Consent and contradict are not in a simple binary relationship: There may be several nuances, degrees of this behavior (total or partial), indecision to maintain or advocate (uncertainty), or even a total lack of that (indifference). Recognition of these variants of agreement/disagreement is a key factor in teaching a successful conversation: non-recognition or misinterpretation of the events of the agreement can even lead to the total failure of the given interaction. Although languages generally have a number of lexical and syntactic means for expressing this behaviour, it can still be misleading to rely exclusively on linguistic form. For example, if Actor B agrees with Actor A, he would say yes; But the same “yes” can also be used to propose exactly the opposite, i.e. to mean differences of opinion, depending on how the “yes” is pronounced. Alternatively, one can agree or contradict by not even saying a word, simply by keeping a squeal: again, it is the non-verbal behavior that contributes to the understanding of the context, effectively to the pragmatic interpretation of the event. In order to correctly identify the pragmatic functions of the agreement/disagreement, all available modalities, both orally and non-verbal, both audio and visually, must be taken into account. However, there remains a point of challenge. If someone expresses their consent by saying “yes” and acquiescing at the same time, this agreement is identified as the concreting, virtual temporal orientation of the two events (verbal and gestural). But how can the wisdom of the adage “silence gives consent” be justified, i.e. how to interpret concordance on the basis of the absence of any behavioural event? Indeed, it is not as if we are faced with zero contributions. We assume that we do arrive at the interpretation of a (certain) agreement after a certain period of observation, during which we collect data from all available modalities (verbal and non-verbal).
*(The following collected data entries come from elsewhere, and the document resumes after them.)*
lemma E_SW_diff_le_bounded_differences:
  assumes pd: "prob_dist d \<alpha>" "prob_dist d \<alpha>'" and "bounded_differences d n f c"
  shows "\<bar>E_SW d n \<alpha> f - E_SW d n \<alpha>' f\<bar> \<le> real n * c * d_TV d \<alpha> \<alpha>'"
  using assms(3)
proof (induction n arbitrary: f)
  case 0
  then show ?case by (simp add: E_SW_0)
next
  case (Suc n)
  define D where "D = d_TV d \<alpha> \<alpha>'"
  define g where "g a = E_SW d n \<alpha>' (\<lambda>w. f (a # w))" for a
  have "E_SW d (Suc n) \<alpha> f - E_SW d (Suc n) \<alpha>' f
      = (\<Sum>a=1..d. \<alpha> a * (E_SW d n \<alpha> (\<lambda>w. f (a # w)) - g a)) + (\<Sum>a=1..d. (\<alpha> a - \<alpha>' a) * g a)"
    by (simp add: E_SW_Suc g_def algebra_simps sum.distrib sum_subtractf)
  also have "\<bar>\<dots>\<bar> \<le> real n * c * D + c * D"
  proof (rule order_trans[OF abs_triangle_ineq add_mono])
    show "\<bar>\<Sum>a=1..d. \<alpha> a * (E_SW d n \<alpha> (\<lambda>w. f (a # w)) - g a)\<bar> \<le> real n * c * D"
      using Suc bounded_differences_Cons unfolding g_def D_def
      by (intro abs_convex_sum_le[OF pd(1)]) blast
    show "\<bar>\<Sum>a=1..d. (\<alpha> a - \<alpha>' a) * g a\<bar> \<le> c * D"
      unfolding D_def g_def
      by (intro abs_sum_diff_mult_le_d_TV[OF pd] bounded_differences_head[OF pd(2) Suc.prems])
  qed
  finally show ?case by (simp add: D_def algebra_simps)
qed

definition disjoint_incr_family :: "nat list \<Rightarrow> nat \<Rightarrow> (nat \<Rightarrow> nat set) \<Rightarrow> bool" where
  "disjoint_incr_family w k F \<longleftrightarrow>
     (\<forall>i<k. incr_set w (F i)) \<and> (\<forall>i<k. \<forall>j<k. i \<noteq> j \<longrightarrow> F i \<inter> F j = {})"

lemma greene_eq_Max: "greene w k = Max {card (\<Union>i<k. F i) | F. disjoint_incr_family w k F}"
  by (simp add: greene_def disjoint_incr_family_def)

lemma finite_greene_candidates: "finite {card (\<Union>i<k. F i) | F. disjoint_incr_family w k F}"
proof (rule finite_subset[of _ "{..length w}"])
  have "card (\<Union>i<k. F i) \<le> length w" if "disjoint_incr_family w k F" for F
    using that card_mono[of "{..<length w}" "\<Union>i<k. F i"]
    by (auto simp: disjoint_incr_family_def incr_set_def)
  then show "{card (\<Union>i<k. F i) | F. disjoint_incr_family w k F} \<subseteq> {..length w}"
    by auto
qed simp

lemma greene_ge: "disjoint_incr_family w k F \<Longrightarrow> card (\<Union>i<k. F i) \<le> greene w k"
  unfolding greene_eq_Max by (rule Max_ge[OF finite_greene_candidates]) blast

lemma greene_attained:
  obtains F where "disjoint_incr_family w k F" "greene w k = card (\<Union>i<k. F i)"
proof -
  have "disjoint_incr_family w k (\<lambda>_. {})"
    by (simp add: disjoint_incr_family_def incr_set_def)
  then have "{card (\<Union>i<k. F i) | F. disjoint_incr_family w k F} \<noteq> {}" by blast
  from Max_in[OF finite_greene_candidates this] that show ?thesis
    unfolding greene_eq_Max by auto
qed

lemma greene_0: "greene w 0 = 0"
  by (metis greene_attained lessThan_0 UN_empty card.empty)

lemma greene_le_Suc: "greene w k \<le> greene w (Suc k)"
proof -
  obtain F where F: "disjoint_incr_family w k F" "greene w k = card (\<Union>i<k. F i)"
    by (rule greene_attained)
  define G where "G i = (if i < k then F i else {})" for i
  have "disjoint_incr_family w (Suc k) G"
    using F(1) by (auto simp: disjoint_incr_family_def G_def incr_set_def less_Suc_eq)
  moreover have "(\<Union>i<Suc k. G i) = (\<Union>i<k. F i)"
    by (auto simp: G_def less_Suc_eq)
  ultimately show ?thesis using greene_ge[of w "Suc k" G] F(2) by simp
qed

lemma greene_le_list_update: "greene w k \<le> greene (w[j := b]) k + 1"
proof -
  obtain F where F: "disjoint_incr_family w k F" "greene w k = card (\<Union>i<k. F i)"
    by (rule greene_attained)
  have "disjoint_incr_family (w[j := b]) k (\<lambda>i. F i - {j})"
    using F(1) unfolding disjoint_incr_family_def incr_set_def by (auto 4 4)
  then have "card (\<Union>i<k. F i - {j}) \<le> greene (w[j := b]) k"
    by (rule greene_ge)
  moreover have "(\<Union>i<k. F i - {j}) = (\<Union>i<k. F i) - {j}" by auto
  ultimately show ?thesis
    using F diff_card_le_card_Diff[of "{j}" "\<Union>i<k. F i"] by simp
qed

lemma abs_greene_list_update_le:
  assumes "j < length w"
  shows "\<bar>real (greene w k) - real (greene (w[j := b]) k)\<bar> \<le> 1"
proof -
  have "greene (w[j := b]) k \<le> greene ((w[j := b])[j := w ! j]) k + 1"
    by (rule greene_le_list_update)
  then have "greene (w[j := b]) k \<le> greene w k + 1"
    using assms by simp
  then show ?thesis
    using greene_le_list_update[of w k j b] by linarith
qed

lemma shRSK_eq_diff: "k \<ge> 1 \<Longrightarrow> real (shRSK w k) = real (greene w k) - real (greene w (k - 1))"
  using greene_le_Suc[of w "k - 1"] by (simp add: shRSK_def of_nat_diff)

lemma sum_shRSK: "(\<Sum>i=1..k. real (shRSK w i)) = real (greene w k)"
  by (induction k) (simp_all add: greene_0 sum.cl_ivl_Suc shRSK_eq_diff)

lemma bounded_differences_greene: "bounded_differences d n (\<lambda>w. real (greene w k)) 1"
  by (auto simp: bounded_differences_def words_def intro: abs_greene_list_update_le)

lemma bounded_differences_shRSK:
  assumes "k \<ge> 1"
  shows "bounded_differences d n (\<lambda>w. real (shRSK w k)) 2"
  unfolding bounded_differences_def shRSK_eq_diff[OF assms]
proof (intro ballI allI impI)
  fix w j b assume "w \<in> words d n" "j < n"
  then have "j < length w" by (simp add: words_def)
  with abs_greene_list_update_le[of j w k b] abs_greene_list_update_le[of j w "k - 1" b]
  show "\<bar>real (greene w k) - real (greene w (k - 1))
      - (real (greene (w[j := b]) k) - real (greene (w[j := b]) (k - 1)))\<bar> \<le> 2"
    unfolding abs_le_iff by linarith
qed

theorem mainTheorem12:
  fixes d n k :: nat and \<alpha> \<alpha>' :: "nat \<Rightarrow> real"
  assumes "prob_dist d \<alpha>" and "prob_dist d \<alpha>'"
    and "n \<ge> 1" and "k \<in> {1..d}"
  shows "\<bar>E_SW d n \<alpha> (\<lambda>w. (\<Sum>i=1..k. real (shRSK w i)) / real n)
           - E_SW d n \<alpha>' (\<lambda>w. (\<Sum>i=1..k. real (shRSK w i)) / real n)\<bar> \<le> d_TV d \<alpha> \<alpha>'
         \<and> \<bar>E_SW d n \<alpha> (\<lambda>w. real (shRSK w k) / real n)
           - E_SW d n \<alpha>' (\<lambda>w. real (shRSK w k) / real n)\<bar> \<le> 2 * d_TV d \<alpha> \<alpha>'"
proof -
  have n: "real n > 0" using assms(3) by simp
  have "bounded_differences d n (\<lambda>w. (\<Sum>i=1..k. real (shRSK w i)) / real n) (1 / real n)"
    unfolding sum_shRSK using bounded_differences_greene n by (rule bounded_differences_divide)
  moreover have "bounded_differences d n (\<lambda>w. real (shRSK w k) / real n) (2 / real n)"
    using bounded_differences_shRSK assms(4) n by (intro bounded_differences_divide) auto
  ultimately show ?thesis
    using E_SW_diff_le_bounded_differences[OF assms(1,2)] n by fastforce
qed

end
In this process, we go beyond simply searching for a simple temporal orientation of certain events, but rather identifying behaviors that consist of events over a longer observation period. It is indeed a cognitive process in which the models thus identified are intersected with stereotypical patterns of behaviour that we already know (as congenital or acquired), and the pragmatic function of the best match is attributed to the given model that was found during the observation period, in our case to that which is related to agreement/disagreement. Before we look at the actual analysis of the match models, we should look at some basic data on the corpus as a whole. During the development of the HuComTech Corpus, we wanted to identify a large number of multimodal behaviors during a certain observation period. Based on the resulting database data, this paper focuses on the discovery of time models related to agreement/disagreement. It describes the methodological basis of the structure of the corpus, the analysis and interpretation of the data. Particular emphasis is placed on the Theme research tool: we describe both its theoretical bases facilitating the analysis of multimodal behavioral data and some methodological questions of its application to the HuComTech Corpus.